First of all thank you for your bspwm articles they were very inspiring. I've never thought of using conky that way. I've used many parts of your scripts to design a conky panel which allowed me to have a very minimal bar in my bspwm setup.

While implementing the script that triggers conky panel and adjust the desktop padding I found room for improvement in yours. Namely, the script "smart conky panel". This script test whether the monitor's resolution is high enough to support window padding and if the resolution is bigger than 1024 it trigger conky panel and then calls conky-padding to calculate the appropriate padding based on the shadow, conky's settings, and the window mode.
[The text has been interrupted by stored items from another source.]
(* Let $\mathbf{T}$ be the dappled triangular grid. For any vertex $v$ of $\mathbf{T}$, if $u_1$ and $u_2$ are distinct neighbors of $v$, then $(\psi_{\mathbf{T}}(u_1),\varphi_{\mathbf{T}}(u_1))\neq(\psi_{\mathbf{T}}(u_2),\varphi_{\mathbf{T}}(u_2))$. Consequently, for any connected dappled graph $G$ and any vertex $x\in V(G)$, if $f_1,f_2:V(G)\to V(\mathbf{T})$ are homomorphisms of dappled graphs with $f_1(x)=f_2(x)$, then $f_1=f_2$.
   Context: A hued graph is a graph $G$ together with a proper coloring $\psi_G:V(G)\to\mathbb{Z}_3$ (the hue). A dappled graph is a hued graph $G$ together with a proper coloring $\varphi_G:V(G)\to\mathbb{Z}_2^2$ (the color). A homomorphism of dappled graphs $f:V(G)\to V(H)$ maps edges to edges and satisfies $\psi_H(f(v))=\psi_G(v)$ and $\varphi_H(f(v))=\varphi_G(v)$ for all $v$. The dappled triangular grid $\mathbf{T}$ has vertex set $\mathbb{Z}^2$, with $(i_1,j_1)$ and $(i_2,j_2)$ adjacent iff $(i_2-i_1,j_2-j_1)\in\{\pm(1,0),\pm(0,1),\pm(1,1)\}$, hue $\psi_{\mathbf{T}}(i,j)=(i+j)\bmod 3$ and color $\varphi_{\mathbf{T}}(i,j)=(i\bmod 2, j\bmod 2)$. *)

theory Defs
  imports Main "HOL-Library.Numeral_Type"
begin

definition dappled_graph ::
  "'a set \<Rightarrow> ('a \<Rightarrow> 'a \<Rightarrow> bool) \<Rightarrow> ('a \<Rightarrow> 3) \<Rightarrow> ('a \<Rightarrow> 2 \<times> 2) \<Rightarrow> bool" where
  "dappled_graph V E psi phi \<longleftrightarrow>
     (\<forall>x y. E x y \<longrightarrow> x \<in> V \<and> y \<in> V) \<and>
     (\<forall>x y. E x y \<longrightarrow> E y x) \<and>
     (\<forall>x. \<not> E x x) \<and>
     (\<forall>x y. E x y \<longrightarrow> psi x \<noteq> psi y) \<and>
     (\<forall>x y. E x y \<longrightarrow> phi x \<noteq> phi y)"

definition graph_connected :: "'a set \<Rightarrow> ('a \<Rightarrow> 'a \<Rightarrow> bool) \<Rightarrow> bool" where
  "graph_connected V E \<longleftrightarrow> V \<noteq> {} \<and> (\<forall>x\<in>V. \<forall>y\<in>V. E\<^sup>*\<^sup>* x y)"

definition dappled_hom ::
  "'a set \<Rightarrow> ('a \<Rightarrow> 'a \<Rightarrow> bool) \<Rightarrow> ('a \<Rightarrow> 3) \<Rightarrow> ('a \<Rightarrow> 2 \<times> 2) \<Rightarrow>
   'b set \<Rightarrow> ('b \<Rightarrow> 'b \<Rightarrow> bool) \<Rightarrow> ('b \<Rightarrow> 3) \<Rightarrow> ('b \<Rightarrow> 2 \<times> 2) \<Rightarrow>
   ('a \<Rightarrow> 'b) \<Rightarrow> bool" where
  "dappled_hom VG EG psiG phiG VH EH psiH phiH f \<longleftrightarrow>
     (\<forall>v\<in>VG. f v \<in> VH) \<and>
     (\<forall>u v. EG u v \<longrightarrow> EH (f u) (f v)) \<and>
     (\<forall>v\<in>VG. psiH (f v) = psiG v \<and> phiH (f v) = phiG v)"

definition T_adj :: "int \<times> int \<Rightarrow> int \<times> int \<Rightarrow> bool" where
  "T_adj p q \<longleftrightarrow> (fst q - fst p, snd q - snd p) \<in>
     {(1,0), (-1,0), (0,1), (0,-1), (1,1), (-1,-1)}"

definition T_hue :: "int \<times> int \<Rightarrow> 3" where
  "T_hue p = of_int (fst p + snd p)"

definition T_color :: "int \<times> int \<Rightarrow> 2 \<times> 2" where
  "T_color p = (of_int (fst p), of_int (snd p))"

end

theory Submission
  imports Defs
begin

text \<open>Write \<open>u = v + d\<close> for a neighbour \<open>u\<close> of \<open>v\<close>. Hue and colour of \<open>u\<close> determine
  \<open>d\<^sub>1 + d\<^sub>2\<close> modulo 3 and \<open>d\<^sub>1, d\<^sub>2\<close> modulo 2, and these residues already separate
  the six offsets \<open>\<plusminus>(1,0), \<plusminus>(0,1), \<plusminus>(1,1)\<close>. Hence a label-preserving homomorphism into
  the grid that is known at one vertex is forced at each neighbour, and by connectedness
  everywhere.\<close>

lemma (in ring_1) of_int_eq_iff_CHAR_dvd:
  "(of_int m = (of_int n :: 'a)) \<longleftrightarrow> int CHAR('a) dvd m - n"
  by (metis of_int_diff of_int_eq_0_iff_char_dvd right_minus_eq)

lemma T_hue_eq_iff: "T_hue p = T_hue q \<longleftrightarrow> 3 dvd (fst p + snd p) - (fst q + snd q)"
  unfolding T_hue_def of_int_eq_iff_CHAR_dvd by simp

lemma T_color_eq_iff:
  "T_color p = T_color q \<longleftrightarrow> even (fst p - fst q) \<and> even (snd p - snd q)"
  by (simp add: T_color_def of_int_eq_iff_CHAR_dvd)

lemma T_adj_offsets_separated:
  fixes d e :: "int \<times> int"
  assumes "d \<in> {(1,0), (-1,0), (0,1), (0,-1), (1,1), (-1,-1)}"
    and "e \<in> {(1,0), (-1,0), (0,1), (0,-1), (1,1), (-1,-1)}"
    and "3 dvd (fst d + snd d) - (fst e + snd e)" "even (fst d - fst e)" "even (snd d - snd e)"
  shows "d = e"
  using assms by auto

lemma T_adj_same_label_eq:
  assumes "T_adj v u1" "T_adj v u2" "T_hue u1 = T_hue u2" "T_color u1 = T_color u2"
  shows "u1 = u2"
proof -
  define d where "d u = (fst u - fst v, snd u - snd v)" for u
  have "d u1 = d u2"
  proof (rule T_adj_offsets_separated)
    show "d u1 \<in> {(1,0), (-1,0), (0,1), (0,-1), (1,1), (-1,-1)}"
      "d u2 \<in> {(1,0), (-1,0), (0,1), (0,-1), (1,1), (-1,-1)}"
      using assms(1,2) by (simp_all add: d_def T_adj_def)
    show "3 dvd (fst (d u1) + snd (d u1)) - (fst (d u2) + snd (d u2))"
      using assms(3) by (simp add: d_def T_hue_eq_iff algebra_simps)
    show "even (fst (d u1) - fst (d u2))" "even (snd (d u1) - snd (d u2))"
      using assms(4) by (simp_all add: d_def T_color_eq_iff)
  qed
  then show ?thesis by (simp add: d_def prod_eq_iff)
qed

lemma dappled_hom_eq_if_eq_at:
  assumes G: "dappled_graph V E psi phi" "graph_connected V E"
    and rainbow: "\<And>w u1 u2. EH w u1 \<Longrightarrow> EH w u2 \<Longrightarrow> psiH u1 = psiH u2 \<Longrightarrow> phiH u1 = phiH u2
      \<Longrightarrow> u1 = u2"
    and f1: "dappled_hom V E psi phi VH EH psiH phiH f1"
    and f2: "dappled_hom V E psi phi VH EH psiH phiH f2"
    and "x \<in> V" "f1 x = f2 x" "v \<in> V"
  shows "f1 v = f2 v"
proof -
  have "E\<^sup>*\<^sup>* x v"
    using G(2) \<open>x \<in> V\<close> \<open>v \<in> V\<close> by (simp add: graph_connected_def)
  then show ?thesis
  proof (induction rule: rtranclp_induct)
    case base
    show ?case by fact
  next
    case (step y z)
    have "z \<in> V"
      using G(1) \<open>E y z\<close> by (simp add: dappled_graph_def)
    have "EH (f2 y) (f1 z)" "EH (f2 y) (f2 z)"
      using f1 f2 \<open>E y z\<close> \<open>f1 y = f2 y\<close> unfolding dappled_hom_def by metis+
    moreover have "psiH (f1 z) = psiH (f2 z)" "phiH (f1 z) = phiH (f2 z)"
      using f1 f2 \<open>z \<in> V\<close> by (simp_all add: dappled_hom_def)
    ultimately show ?case by (rule rainbow)
  qed
qed

theorem mainTheorem3:
  shows "(\<forall>v u1 u2. T_adj v u1 \<and> T_adj v u2 \<and> u1 \<noteq> u2 \<longrightarrow>
            (T_hue u1, T_color u1) \<noteq> (T_hue u2, T_color u2)) \<and>
         (\<forall>(V :: 'a set) E psi phi x f1 f2.
            dappled_graph V E psi phi \<and> graph_connected V E \<and> x \<in> V \<and>
            dappled_hom V E psi phi UNIV T_adj T_hue T_color f1 \<and>
            dappled_hom V E psi phi UNIV T_adj T_hue T_color f2 \<and>
            f1 x = f2 x \<longrightarrow> (\<forall>v\<in>V. f1 v = f2 v))"
proof (intro conjI allI impI ballI)
  fix v u1 u2
  assume "T_adj v u1 \<and> T_adj v u2 \<and> u1 \<noteq> u2"
  then show "(T_hue u1, T_color u1) \<noteq> (T_hue u2, T_color u2)"
    using T_adj_same_label_eq[of v u1 u2] by auto
next
  fix V :: "'a set" and E psi phi x f1 f2 v
  assume "dappled_graph V E psi phi \<and> graph_connected V E \<and> x \<in> V \<and>
    dappled_hom V E psi phi UNIV T_adj T_hue T_color f1 \<and>
    dappled_hom V E psi phi UNIV T_adj T_hue T_color f2 \<and> f1 x = f2 x"
    and "v \<in> V"
  then show "f1 v = f2 v"
    by (elim conjE) (rule dappled_hom_eq_if_eq_at[OF _ _ T_adj_same_label_eq])
qed
end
Do to so the following code is called:

if xdotool search --onlyvisible --classname 'Conky' windowunmap; then

bspc config -m DVI-1 right_padding 0

else

xdotool search --classname 'Conky' windowmap || \

conky -q -c ~/.conkyrc &

conky-padding

fi

The above code could be improve by making sure conky's window is indeed visible. This is very useful in situation where conky's is launched for the first time (conky -q -c ~/.conkyrc). If this check is not made then the conky-padding script would test whether conky's window is visible and the result would always be false and thus the resulting padding would be zero. In order to avoid it. I've added the following xdotool command:

xdotool search --sync --onlyvisible --classname 'Conky'

With the above, conky-padding is called only when conky's window is active and visible.